何日かすると、寒い寒いとうわ言を言い、皮膚が黒ずみぶつけてもいないのにアザが出来て治らない。段々と黒いアザが増えて元々の肌の色が判らなくなったとき、死の神が舞い降りて熱と痛みから人間を救うとされた。
原因は新種の病原菌なのではないかと研究者たちが原因究明をしている間に病は瞬く間に広がる。
最初は人魚の捕獲に関わる人、次に海に近い家の人、ついには人魚の捕獲に関係ない人たちをも殺していく。

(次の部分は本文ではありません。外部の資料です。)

lemma star_alloc_equilibrium:
  assumes m: "m \<in> unit_sq"
  shows "equilibrium F c h \<mu> m (star_alloc F c h \<mu> m) (market_wage F c h m) (F m)"
proof -
  define W where "W = market_wage F c h m"
  have W: "wt_s F h \<le> W" "wt_b F c h m \<le> W" "wt_t F c h m \<le> W" "0 \<le> W"
    using wt_le_market_wage market_wage_nonneg by (auto simp: W_def)
  have no_profit: "0 \<le> W" "0 \<le> F m" "profit_sh F h W \<le> 0" "profit_sm F m (F m) = 0"
    "F m < 1 \<longrightarrow> profit_b F c h m W (F m) \<le> 0" "profit_t F c h m W (F m) \<le> 0"
    using W F_m profit_t_at_machine_price_le_0_iff
    by (auto simp: profit_sh_def profit_sm_def wt_s_def profit_b_at_machine_price)
  have "equilibrium F c h \<mu> m (star_alloc F c h \<mu> m) W (F m)"
  proof (cases "m \<in> R_s F c h")
    case True
    then have "W = wt_s F h" using m by (auto simp: R_s_def W_def market_wage_def)
    then show ?thesis using True no_profit mu_gt_1
      by (auto simp: equilibrium_def feasible_def star_alloc_def profit_sh_def wt_s_def)
  next
    case not_s: False
    show ?thesis
    proof (cases "m \<in> R_b F c h")
      case True
      then have b: "wt_b F c h m > max (wt_s F h) (wt_t F c h m)" using m by (simp add: R_b_def)
      then have WW: "W = wt_b F c h m" by (auto simp: W_def market_wage_def)
      have Fm: "F m < 1" using b F_h F_m by (cases "F m = 1") (auto simp: wt_b_def wt_s_def)
      have "Fplus F m h \<noteq> F m" using b F_h by (auto simp: wt_b_def wt_s_def split: if_splits)
      then have "nn F c m < \<mu>" using abundance by blast
      moreover have "0 \<le> nn F c m" using nn_pos[of c F m] c Fm by simp
      moreover have "profit_b F c h m W (F m) = 0" using Fm WW by (simp add: profit_b_at_machine_price)
      ultimately show ?thesis using True not_s no_profit Fm
        by (auto simp: equilibrium_def feasible_def star_alloc_def)
    next
      case not_b: False
      then have "W = wt_t F c h m"
        using not_s m by (auto simp: R_s_def R_b_def W_def market_wage_def)
      then have "profit_t F c h m W (F m) = 0" using profit_t_at_machine_price_eq_0_iff by simp
      moreover have "0 \<le> 1 / nn F c h" "1 / nn F c h \<le> \<mu>"
        using nn_h_pos inverse_nn_h_lt_1 mu_gt_1 by (simp, linarith)
      ultimately show ?thesis using not_s not_b no_profit
        by (auto simp: equilibrium_def feasible_def star_alloc_def)
    qed
  qed
  then show ?thesis by (simp add: W_def)
qed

人々は、初めこそ恐れることなく、病を題材に滑稽な演劇などを催し楽しんでいたが、医療魔法も薬草も効かない病に対して心から恐れを覚えだした。そんな時、陸に上げられ寿命が尽きるその時まで美しく狂気に謳う人魚を見て、この肉を、鱗を、食べれば、血を飲めば病から逃れられるのではないか。人魚の美しい髪を身につけたら病から身を隠せるのではないかと考えた。迷信だが、人々は人魚を不治の病を治す〝妙薬〟とされていたことを思いだし、信じて獲り始める。
人々は病を恐れ、原因になりそうな者、モノ、物、呪い、行いなどを探しだそうとした。黒魔術を使って誰かが呪いをかけたのではないか、病に倒れた人が出た日から瘴気が街中に蔓延している、などなど様々な噂が流れては、いまひとつ確信を持てずにいたある日。
海に近い場所に住んでいた女が気が触れたように「人魚の呪いだ、これは人魚の呪いだ!」と叫びながら街中を素足で走り回り、足の裏の肉があらわになり、血の混じった砂や泥に汚れて走れなくなった時、森に程近い場所で、黒い血を吐いて死んだ。
きらびやかな装丁を施された分厚い書物に書かれた歴史を紐解き、首を傾げる。
「ここ最近人魚たちが私たちエルフの秘境にある海域に移住し始めている原因は、これかな……」
エルフの王族が管理する歴史を司る神殿の一角。時間を忘れて書物を読み耽っているのは、背中まである琥珀色の髪を首の後ろで結っている男、リーファは硬くなった身体をほぐすように腕を伸ばし、そのまま肩を回して、ペキペキと音のする首を回そうとして、空が目に入った。
「あぁ、〝人魚の呪い〟が本当になるね」
青黒く、人間の血潮のように赤紫色に染まった空が、魔法属の人間たちが住む方角を染めている。瘴気を視ることは人間には難しいだろう。
本能や自然に近いモノたちは肌で感じ、目の良いモノたちは視えるが、魔法属の人間たちは、なにが呪いで、なにが病かなんて判らないまま、同じ過ちを繰り返すのだろうかとリーファは思考し、止めた。
人間の行く末は、人間が決めること。人間以外が干渉する必要はないのだ。